Italian Wedding Soup – An easy weeknight soup.
1 egg, beaten
1/2 cup bread crumbs
2 Tablespoons grated Parmesan cheese
1 Tablespoon fresh parsley
1 Tablespoon finely chopped onion
1/4 teaspoon garlic salt
1/8 teaspoon ground pepper
1/2 pound ground beef
1 (14 1/2 ounce) can beef broth
1 (15 ounce) can garbanzo beans, rinsed and drained
1 (14 1/2 ounce) can Italian style petite diced tomatoes
1 1/2 cups water
1 cup sliced fresh mushrooms
1 teaspoon Italian seasoning
1/2 cup ditalini (tiny thimbles) dried pasta
3 cups torn spinach
Combine egg, bread crumbs, cheese, parsley, onion, garlic salt, pepper and ground beef. Mix well and shape meat mixture into 36 small balls. Cook meatballs in a large skillet over medium heat 6-8 minutes or until no longer pink, being sure to turn often so they brown evenly.
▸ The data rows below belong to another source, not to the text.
(* Let $\mathcal{H}$ be a separable infinite-dimensional complex Hilbert space, let $T\in\mathscr{B}(\mathcal{H})$ have dense range, let $\varepsilon>0$ and let $x_0\in\mathcal{H}$ with $\|x_0\|>\varepsilon$. Then the map $t\mapsto\|y_{tx_0,\varepsilon}\|$ is non-decreasing on the interval $\left]\frac{\varepsilon}{\|x_0\|},+\infty\right[$.
   Context: For $T\in\mathscr{B}(\mathcal{H})$ with dense range, $x\neq 0$ and $0<\varepsilon<\|x\|$, the extremal vector $y_{x,\varepsilon}$ is the unique vector $y_0\in\mathcal{H}$ with $\|Ty_0-x\|\leqslant\varepsilon$ and $\|y_0\|=\inf\{\|y\|:\|Ty-x\|\leqslant\varepsilon\}$. *)

theory Defs
  imports "HOL-Analysis.Analysis"
begin

text \<open>A complex Hilbert space is modelled as a real Hilbert space (real inner product
  space that is complete) together with a complex scalar multiplication sc that extends
  the real one, satisfies the module axioms, and for which multiplication by i is
  isometric for the real inner product. The complex inner product is then
  inner x y + i * inner x (sc i y); the norm is the same.\<close>

definition complex_scaling :: "(complex \<Rightarrow> 'a::real_inner \<Rightarrow> 'a) \<Rightarrow> bool" where
  "complex_scaling sc \<longleftrightarrow>
     (\<forall>r x. sc (complex_of_real r) x = r *\<^sub>R x) \<and>
     (\<forall>a b x. sc (a + b) x = sc a x + sc b x) \<and>
     (\<forall>a x y. sc a (x + y) = sc a x + sc a y) \<and>
     (\<forall>a b x. sc (a * b) x = sc a (sc b x)) \<and>
     (\<forall>x y. inner (sc \<i> x) (sc \<i> y) = inner x y)"

definition bounded_clinear_op ::
  "(complex \<Rightarrow> 'a::real_normed_vector \<Rightarrow> 'a) \<Rightarrow> ('a \<Rightarrow> 'a) \<Rightarrow> bool" where
  "bounded_clinear_op sc T \<longleftrightarrow> bounded_linear T \<and> (\<forall>c x. T (sc c x) = sc c (T x))"

text \<open>Infinite-dimensional: not spanned by any finite set (real and complex
  finite-dimensionality coincide).\<close>
definition infinite_dimensional :: "'a::real_vector itself \<Rightarrow> bool" where
  "infinite_dimensional _ \<longleftrightarrow> \<not> (\<exists>S::'a set. finite S \<and> span S = UNIV)"

definition extremal_vector :: "('a::real_normed_vector \<Rightarrow> 'a) \<Rightarrow> 'a \<Rightarrow> real \<Rightarrow> 'a" where
  "extremal_vector T x \<epsilon> =
     (THE y0. norm (T y0 - x) \<le> \<epsilon> \<and>
              norm y0 = Inf {norm y | y. norm (T y - x) \<le> \<epsilon>})"

end

theory Submission
  imports Defs
begin

text \<open>For \<open>0 < s \<le> t\<close>, shrinking by \<open>s / t\<close> maps every \<open>y\<close> with \<open>\<parallel>T y - t x\<^sub>0\<parallel> \<le> \<epsilon>\<close> to a
  vector \<open>(s / t) y\<close> with \<open>\<parallel>T ((s / t) y) - s x\<^sub>0\<parallel> = (s / t) \<parallel>T y - t x\<^sub>0\<parallel> \<le> \<epsilon>\<close> and smaller
  norm, so the infimal norm for \<open>s x\<^sub>0\<close> is at most the one for \<open>t x\<^sub>0\<close>. The extremal vector
  exists, being the minimum-norm point of a nonempty closed convex set in a Hilbert space
  (the parallelogram law makes minimising sequences Cauchy), so its norm is this infimum.\<close>

definition admissible :: "('a::real_normed_vector \<Rightarrow> 'a) \<Rightarrow> 'a \<Rightarrow> real \<Rightarrow> 'a set" where
  "admissible T x \<epsilon> = {y. norm (T y - x) \<le> \<epsilon>}"

lemma parallelogram_law:
  fixes a b :: "'a::real_inner"
  shows "norm (a + b)^2 + norm (a - b)^2 = 2 * norm a ^2 + 2 * norm b ^2"
  by (simp add: power2_norm_eq_inner inner_add_left inner_add_right inner_diff_left
      inner_diff_right inner_commute)

lemma convex_norm_diff_sq_le:
  fixes a b :: "'a::real_inner"
  assumes "convex S" "a \<in> S" "b \<in> S" "\<And>z. z \<in> S \<Longrightarrow> d \<le> norm z" "0 \<le> d"
  shows "norm (a - b)^2 \<le> 2 * (norm a ^2 - d^2) + 2 * (norm b ^2 - d^2)"
proof -
  have "(1/2) *\<^sub>R a + (1/2) *\<^sub>R b \<in> S"
    by (rule convexD[OF assms(1-3)]) auto
  then have "d \<le> norm ((1/2) *\<^sub>R (a + b))"
    using assms(4) by (simp add: scaleR_add_right)
  then have "2 * d \<le> norm (a + b)" by simp
  then have "(2 * d)^2 \<le> norm (a + b)^2" using assms(5) by (intro power_mono) auto
  with parallelogram_law[of a b] show ?thesis by (simp add: power_mult_distrib)
qed

lemma convex_minimising_sequence_Cauchy:
  fixes y :: "nat \<Rightarrow> 'a::real_inner"
  assumes "convex S" "\<And>n. y n \<in> S" "\<And>z. z \<in> S \<Longrightarrow> d \<le> norm z" "0 \<le> d"
    and "(\<lambda>n. norm (y n)) \<longlonglongrightarrow> d"
  shows "Cauchy y"
proof (rule metric_CauchyI)
  define f where "f n = norm (y n)^2 - d^2" for n
  have "f \<longlonglongrightarrow> 0"
    unfolding f_def using tendsto_diff[OF tendsto_power[OF assms(5), of 2] tendsto_const[of "d^2"]] by simp
  have diff_bound: "norm (y m - y n)^2 \<le> 2 * f m + 2 * f n" for m n
    unfolding f_def by (rule convex_norm_diff_sq_le[OF assms(1,2,2,3,4)])
  fix e :: real
  assume "e > 0"
  then obtain N where N: "\<And>n. n \<ge> N \<Longrightarrow> \<bar>f n\<bar> < e^2/4"
    using \<open>f \<longlonglongrightarrow> 0\<close>[THEN LIMSEQ_D, of "e^2/4"] by auto
  have "dist (y m) (y n) < e" if "m \<ge> N" "n \<ge> N" for m n
  proof -
    have "norm (y m - y n)^2 < e^2"
      using diff_bound[of m n] N[OF \<open>m \<ge> N\<close>] N[OF \<open>n \<ge> N\<close>] by linarith
    then show ?thesis using \<open>e > 0\<close> by (simp add: dist_norm power_less_imp_less_base)
  qed
  then show "\<exists>M. \<forall>m\<ge>M. \<forall>n\<ge>M. dist (y m) (y n) < e" by blast
qed

lemma closed_convex_min_norm_attained:
  fixes S :: "'a::{real_inner, complete_space} set"
  assumes "closed S" "convex S" "S \<noteq> {}"
  shows "\<exists>y\<in>S. norm y = Inf (norm ` S)"
proof -
  define d where "d = Inf (norm ` S)"
  have bdd: "bdd_below (norm ` S)" by (rule bdd_belowI[of _ 0]) auto
  have d_le: "d \<le> norm z" if "z \<in> S" for z
    unfolding d_def using bdd that by (simp add: cInf_lower)
  have "0 \<le> d" unfolding d_def using assms(3) by (intro cInf_greatest) auto
  have "d \<in> closure (norm ` S)"
    unfolding d_def using assms(3) bdd by (intro closure_contains_Inf) auto
  then obtain r where "\<forall>n. \<exists>z\<in>S. r n = norm z" and "r \<longlonglongrightarrow> d"
    by (auto simp: closure_sequential image_iff)
  moreover obtain y where y_in: "\<And>n. y n \<in> S" and "r = (\<lambda>n. norm (y n))"
    using calculation(1) by metis
  ultimately have norm_lim: "(\<lambda>n. norm (y n)) \<longlonglongrightarrow> d" by simp
  then have "Cauchy y"
    using convex_minimising_sequence_Cauchy[of S y d] assms(2) y_in d_le \<open>0 \<le> d\<close> by blast
  then obtain l where "y \<longlonglongrightarrow> l" using Cauchy_convergent_iff convergent_def by blast
  then have "l \<in> S" using assms(1) y_in closed_sequentially by blast
  moreover have "norm l = d"
    using tendsto_unique[OF _ tendsto_norm[OF \<open>y \<longlonglongrightarrow> l\<close>] norm_lim] by simp
  ultimately show ?thesis unfolding d_def by blast
qed

lemma convex_min_norm_unique:
  fixes S :: "'a::real_inner set"
  assumes "convex S" "a \<in> S" "b \<in> S" "norm a = Inf (norm ` S)" "norm b = Inf (norm ` S)"
  shows "a = b"
proof -
  have bdd: "bdd_below (norm ` S)" by (rule bdd_belowI[of _ 0]) auto
  have "0 \<le> Inf (norm ` S)" using assms(2) by (intro cInf_greatest) auto
  then have "norm (a - b)^2 \<le> 0"
    using convex_norm_diff_sq_le[OF assms(1-3), of "Inf (norm ` S)"] assms(4,5) bdd
    by (simp add: cInf_lower)
  then show ?thesis by simp
qed

lemma admissible_eq_vimage_cball: "admissible T x \<epsilon> = T -` cball x \<epsilon>"
  by (auto simp: admissible_def dist_norm norm_minus_commute)

lemma admissible_nonempty:
  assumes "closure (range T) = UNIV" "\<epsilon> > 0"
  shows "admissible T x \<epsilon> \<noteq> {}"
proof -
  have "x \<in> closure (range T)" using assms(1) by simp
  then obtain y where "dist (T y) x < \<epsilon>" using assms(2) closure_approachable by blast
  then have "y \<in> admissible T x \<epsilon>" by (simp add: admissible_def dist_norm)
  then show ?thesis by blast
qed

lemma norm_extremal_vector:
  fixes T :: "'a::{real_inner, complete_space} \<Rightarrow> 'a"
  assumes "bounded_linear T" "closure (range T) = UNIV" "\<epsilon> > 0"
  shows "norm (extremal_vector T x \<epsilon>) = Inf (norm ` admissible T x \<epsilon>)"
proof -
  let ?S = "admissible T x \<epsilon>"
  have "closed ?S"
    unfolding admissible_eq_vimage_cball
    using assms(1) by (intro continuous_closed_vimage linear_continuous_at) auto
  moreover have "convex ?S"
    unfolding admissible_eq_vimage_cball
    using assms(1) by (intro convex_linear_vimage) (auto dest: bounded_linear.linear)
  ultimately have "\<exists>!y. y \<in> ?S \<and> norm y = Inf (norm ` ?S)"
    using closed_convex_min_norm_attained convex_min_norm_unique
      admissible_nonempty[OF assms(2,3)] by metis
  moreover have "extremal_vector T x \<epsilon> = (THE y. y \<in> ?S \<and> norm y = Inf (norm ` ?S))"
    unfolding extremal_vector_def admissible_def by (simp add: setcompr_eq_image)
  ultimately show ?thesis by (metis (mono_tags, lifting) theI')
qed

lemma scaleR_mem_admissible:
  assumes "linear T" "y \<in> admissible T x \<epsilon>" "0 \<le> c" "c \<le> 1" "0 \<le> \<epsilon>"
  shows "c *\<^sub>R y \<in> admissible T (c *\<^sub>R x) \<epsilon>"
proof -
  have "norm (T (c *\<^sub>R y) - c *\<^sub>R x) = c * norm (T y - x)"
    using assms(1,3) by (simp add: linear_scale flip: scaleR_diff_right)
  also have "\<dots> \<le> 1 * \<epsilon>"
    using assms(2-5) by (intro mult_mono) (auto simp: admissible_def)
  finally show ?thesis by (simp add: admissible_def)
qed

lemma Inf_norm_admissible_mono:
  assumes "linear T" "0 < s" "s \<le> t" "0 \<le> \<epsilon>" "admissible T (t *\<^sub>R x) \<epsilon> \<noteq> {}"
  shows "Inf (norm ` admissible T (s *\<^sub>R x) \<epsilon>) \<le> Inf (norm ` admissible T (t *\<^sub>R x) \<epsilon>)"
proof (rule cInf_greatest)
  show "norm ` admissible T (t *\<^sub>R x) \<epsilon> \<noteq> {}" using assms(5) by simp
next
  fix r
  assume "r \<in> norm ` admissible T (t *\<^sub>R x) \<epsilon>"
  then obtain y where y: "y \<in> admissible T (t *\<^sub>R x) \<epsilon>" and r: "r = norm y" by auto
  have "(s / t) *\<^sub>R y \<in> admissible T (s *\<^sub>R x) \<epsilon>"
    using scaleR_mem_admissible[OF assms(1) y, of "s / t"] assms(2-4) by simp
  then have "Inf (norm ` admissible T (s *\<^sub>R x) \<epsilon>) \<le> norm ((s / t) *\<^sub>R y)"
    by (rule cInf_lower[OF imageI]) (auto intro: bdd_belowI[of _ 0])
  also have "\<dots> = (s / t) * norm y" using assms(2,3) by simp
  also have "\<dots> \<le> norm y" using assms(2,3) by (intro mult_left_le_one_le) auto
  finally show "Inf (norm ` admissible T (s *\<^sub>R x) \<epsilon>) \<le> r" using r by simp
qed

theorem mainTheorem9:
  fixes sc :: "complex \<Rightarrow> 'a::{real_inner, complete_space} \<Rightarrow> 'a"
    and T :: "'a \<Rightarrow> 'a" and \<epsilon> :: real and x0 :: 'a
  assumes "complex_scaling sc"
    and "separable_space (euclidean :: 'a topology)"
    and "infinite_dimensional TYPE('a)"
    and "bounded_clinear_op sc T"
    and "closure (range T) = UNIV"
    and "\<epsilon> > 0"
    and "norm x0 > \<epsilon>"
  shows "mono_on {\<epsilon> / norm x0 <..} (\<lambda>t. norm (extremal_vector T (t *\<^sub>R x0) \<epsilon>))"
proof (rule mono_onI)
  have T: "bounded_linear T" using assms(4) by (simp add: bounded_clinear_op_def)
  fix s t
  assume "s \<in> {\<epsilon> / norm x0 <..}" "t \<in> {\<epsilon> / norm x0 <..}" "s \<le> t"
  moreover have "0 < \<epsilon> / norm x0" using assms(6,7) by (intro divide_pos_pos) auto
  ultimately have "0 < s" by simp
  then show "norm (extremal_vector T (s *\<^sub>R x0) \<epsilon>) \<le> norm (extremal_vector T (t *\<^sub>R x0) \<epsilon>)"
    using Inf_norm_admissible_mono[OF bounded_linear.linear[OF T] _ \<open>s \<le> t\<close>]
      admissible_nonempty[OF assms(5,6)] assms(6)
    by (simp add: norm_extremal_vector[OF T assms(5,6)])
qed

end
lemma sum_sq_sgnT_ksubsets:
  assumes R: "finite R" and j: "j \<in> R" and cR: "card R = p + q"
  shows "(\<Sum>B\<in>ksubsets R p. (sgnT p q B j)^2) = real ((p + q) choose p) * (real p * real q)"
proof -
  define C where "C = real ((p + q) choose p)"
  have cnt: "(real p + real q) * real (card {B \<in> ksubsets R p. j \<in> B}) = real p * C"
    using card_ksubsets_mem[OF R j, of p] cR unfolding C_def by simp
  have "(\<Sum>B\<in>ksubsets R p. (sgnT p q B j)^2)
      = (\<Sum>B\<in>ksubsets R p. real p^2 + (if j \<in> B then real q^2 - real p^2 else 0))"
    unfolding sgnT_def by (intro sum.cong refl) auto
  also have "\<dots> = real p^2 * C + (real q - real p) * ((real p + real q) * real (card {B \<in> ksubsets R p. j \<in> B}))"
    using finite_ksubsets[OF R] card_ksubsets[OF R] cR unfolding C_def
    by (simp add: sum.distrib sum.If_cases Int_def power2_eq_square algebra_simps)
  also have "\<dots> = C * (real p * real q)"
    unfolding cnt by (simp add: power2_eq_square algebra_simps)
  finally show ?thesis unfolding C_def .
qed

lemma sum_ksubsets_split_mem:
  assumes R: "finite R" and j: "j \<in> R" and m0: "m > 0"
  shows "(\<Sum>B\<in>ksubsets R m. h B)
       = (\<Sum>B\<in>ksubsets (R - {j}) (m - 1). h (insert j B)) + (\<Sum>B\<in>ksubsets (R - {j}) m. h B)"
proof -
  have "(\<Sum>B\<in>ksubsets R m. h B)
      = (\<Sum>B\<in>{B \<in> ksubsets R m. j \<in> B} \<union> {B \<in> ksubsets R m. j \<notin> B}. h B)"
    by (rule sum.cong) auto
  also have "\<dots> = (\<Sum>B\<in>{B \<in> ksubsets R m. j \<in> B}. h B) + (\<Sum>B\<in>{B \<in> ksubsets R m. j \<notin> B}. h B)"
    using finite_ksubsets[OF R] by (intro sum.union_disjoint) auto
  finally have "(\<Sum>B\<in>ksubsets R m. h B)
      = (\<Sum>B\<in>{B \<in> ksubsets R m. j \<in> B}. h B) + (\<Sum>B\<in>{B \<in> ksubsets R m. j \<notin> B}. h B)" .
  moreover have "{B \<in> ksubsets R m. j \<notin> B} = ksubsets (R - {j}) m"
    unfolding ksubsets_def by auto
  moreover have "(\<Sum>B\<in>{B \<in> ksubsets R m. j \<in> B}. h B) = (\<Sum>B\<in>ksubsets (R - {j}) (m - 1). h (insert j B))"
  proof (rule sum.reindex_bij_witness[where i = "insert j" and j = "\<lambda>B. B - {j}"])
    fix B assume "B \<in> {B \<in> ksubsets R m. j \<in> B}"
    then show "insert j (B - {j}) = B" "B - {j} \<in> ksubsets (R - {j}) (m - 1)"
      "h (insert j (B - {j})) = h B"
      using R unfolding ksubsets_def by (auto simp: card_Diff_singleton insert_absorb)
  next
    fix B assume "B \<in> ksubsets (R - {j}) (m - 1)"
    then have B: "B \<subseteq> R - {j}" "card B = m - 1" unfolding ksubsets_def by auto
    have "finite B" "j \<notin> B" using B R finite_subset by auto
    then have "card (insert j B) = m" using B m0 by simp
    then show "insert j B \<in> {B \<in> ksubsets R m. j \<in> B}"
      using B j unfolding ksubsets_def by auto
    show "insert j B - {j} = B" using B by auto
  qed
  ultimately show ?thesis by simp
qed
Remove meatballs from the pan and add can of beef broth being sure to loosen bits in pan. Add beans, undrained tomatoes, water, mushrooms and seasoning. Bring to boiling and then add pasta. Reduce heat and let simmer 12 to 14 minutes until pasta is tender. Add in spinach and meatballs, stirring very gently about 2 to 3 minutes until spinach is wilted. Serve with a crusty Italian bread.